Merge two datasets and create new rows that match

I have two datasets that I would like to join using R -

Dataset 1

ID Name Date Price 1 A 2011 $100 2 B 2012 $200 3 C 2013 $300 

Dataset 2

  ID Date Price 1 2012 $100 1 2013 $200 3 2014 $300 

Using left-join() in dplyr by ID, I would end up with this

  ID Name Date.x Price.x Date.y Price.y 1 A 2011 $100 2012 $100 1 A 2011 $100 2013 $200 2 B 2012 $200 3 C 2013 $300 2014 $300 

What I would like to have as a final product is

  ID Name Date Price 1 A 2011 $100 1 A 2012 $100 1 A 2013 $200 2 B 2012 $200 3 C 2013 $300 3 C 2014 $300 

those. instead of merging with an existing row, I would like to create a new row when a match is found and duplicate existing information that will not change (ID and name), and if necessary, change the "Date and price" column. Any ideas on an effective way to do this on a large set data?

+6
source share
7 answers

You asked about the efficient way, so I will introduce data.table:

 library(data.table) setDT(DF1) setDT(DF2) # structure your data so ID attributes are only in an ID table idDT = DF1[, .(ID, Name)] DF1[, Name := NULL] # stack data DT = rbind(DF1, DF2) # grab ID attributes if you really need them DT[idDT, on="ID", Name := i.Name] 

which gives

  ID Date Price Name 1: 1 2011 $100 A 2: 2 2012 $200 B 3: 3 2013 $300 C 4: 1 2012 $100 A 5: 1 2013 $200 A 6: 3 2014 $300 C 

rbind for data.tables is pretty fast. I would not expect efficiency to be a big problem if just two tables are linked.
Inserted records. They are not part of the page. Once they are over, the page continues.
lemma width_dir_fnormal_le_Upsilon_sum:
  assumes balanced: "(\<Sum>F\<in>{F. F facet_of P}. real (a F) *\<^sub>R fnormal P F) = 0"
    and pos: "0 < (\<Sum>F\<in>{F. F facet_of P}. real (a F) * fphi P F)"
  obtains F where "F facet_of P" "width_dir (fnormal P F) P \<le> (\<Sum>F\<in>{F. F facet_of P}. real (a F) * fphi P F)"
proof -
  from pos have "(\<Sum>F\<in>{F. F facet_of P}. real (a F) * fphi P F) \<noteq> 0" by simp
  then obtain F where "F \<in> {F. F facet_of P}" "real (a F) * fphi P F \<noteq> 0"
    by (rule sum.not_neutral_contains_not_neutral)
  then have F: "F facet_of P" "a F \<noteq> 0" by auto
  obtain m where m: "m \<in> P" "\<And>y. y \<in> P \<Longrightarrow> fnormal P F \<bullet> y \<le> fnormal P F \<bullet> m"
    using inner_attains_max[of "fnormal P F"] by blast
  have "width_dir (fnormal P F) P = facet_slack P F m"
    using width_dir_fnormal_eq_facet_slack[OF F(1) m] .
  also have "\<dots> \<le> real (a F) * facet_slack P F m"
    using F(2) facet_slack_nonneg[OF F(1) m(1)] by (simp add: mult_le_cancel_right1)
  also have "\<dots> \<le> (\<Sum>G\<in>{G. G facet_of P}. real (a G) * facet_slack P G m)"
    using F(1) facet_slack_nonneg m(1) by (intro member_le_sum finite_facets) auto
  also have "\<dots> = (\<Sum>G\<in>{G. G facet_of P}. real (a G) * fphi P G)"
    using sum_fphi_eq_sum_facet_slack[OF balanced] by simp
  finally show ?thesis using F(1) that by blast
qed

lemma facet_width_attained:
  obtains F where "F facet_of P" "width_dir (fnormal P F) P = facet_width P"
    and "\<And>G. G facet_of P \<Longrightarrow> facet_width P \<le> width_dir (fnormal P G) P"
proof -
  let ?W = "\<lambda>F. width_dir (fnormal P F) P"
  have widths: "{?W F |F. F facet_of P} = ?W ` {F. F facet_of P}" by blast
  have ne: "?W ` {F. F facet_of P} \<noteq> {}" using facet_exists by blast
  then have facet_width: "facet_width P = Min (?W ` {F. F facet_of P})"
    unfolding facet_width_def widths using finite_facets by (intro cInf_eq_Min) auto
  then have "facet_width P \<in> ?W ` {F. F facet_of P}" using finite_facets ne by simp
  then obtain F where "F facet_of P" "?W F = facet_width P" by auto
  moreover have "facet_width P \<le> ?W G" if "G facet_of P" for G
    unfolding facet_width using finite_facets that by (intro Min_le) auto
  ultimately show ?thesis using that by blast
qed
As for unscrewing the ID attribute, Name, it follows the recommendations of the author of the dplyr package, which refers to it as making the data neat .

+6
source

This is a small change to @Frank's answer. The main problem is that your second table does not have a Name column. This can be obtained quite efficiently using the data.table update on connection.

 require(data.table) dt2[dt1, Name := i.Name, on = "ID"] # by reference, no need to assign the result back 

Now that there is a Name column, we can just rbind get the result.

 ans = rbind(dt1, if (anyNA(dt2$Name)) na.omit(dt2, by="Name") else dt2) 

If necessary, reorder the result by reference using setorder() :

 setorder(ans, ID, Name) # by reference, no need to assign the result back # ID Name Date Price # 1: 1 A 2011 $100 # 2: 1 A 2012 $100 # 3: 1 A 2013 $200 # 4: 2 B 2012 $200 # 5: 3 C 2013 $300 # 6: 3 C 2014 $300 

:= and set* functions in data.table change the input object by reference.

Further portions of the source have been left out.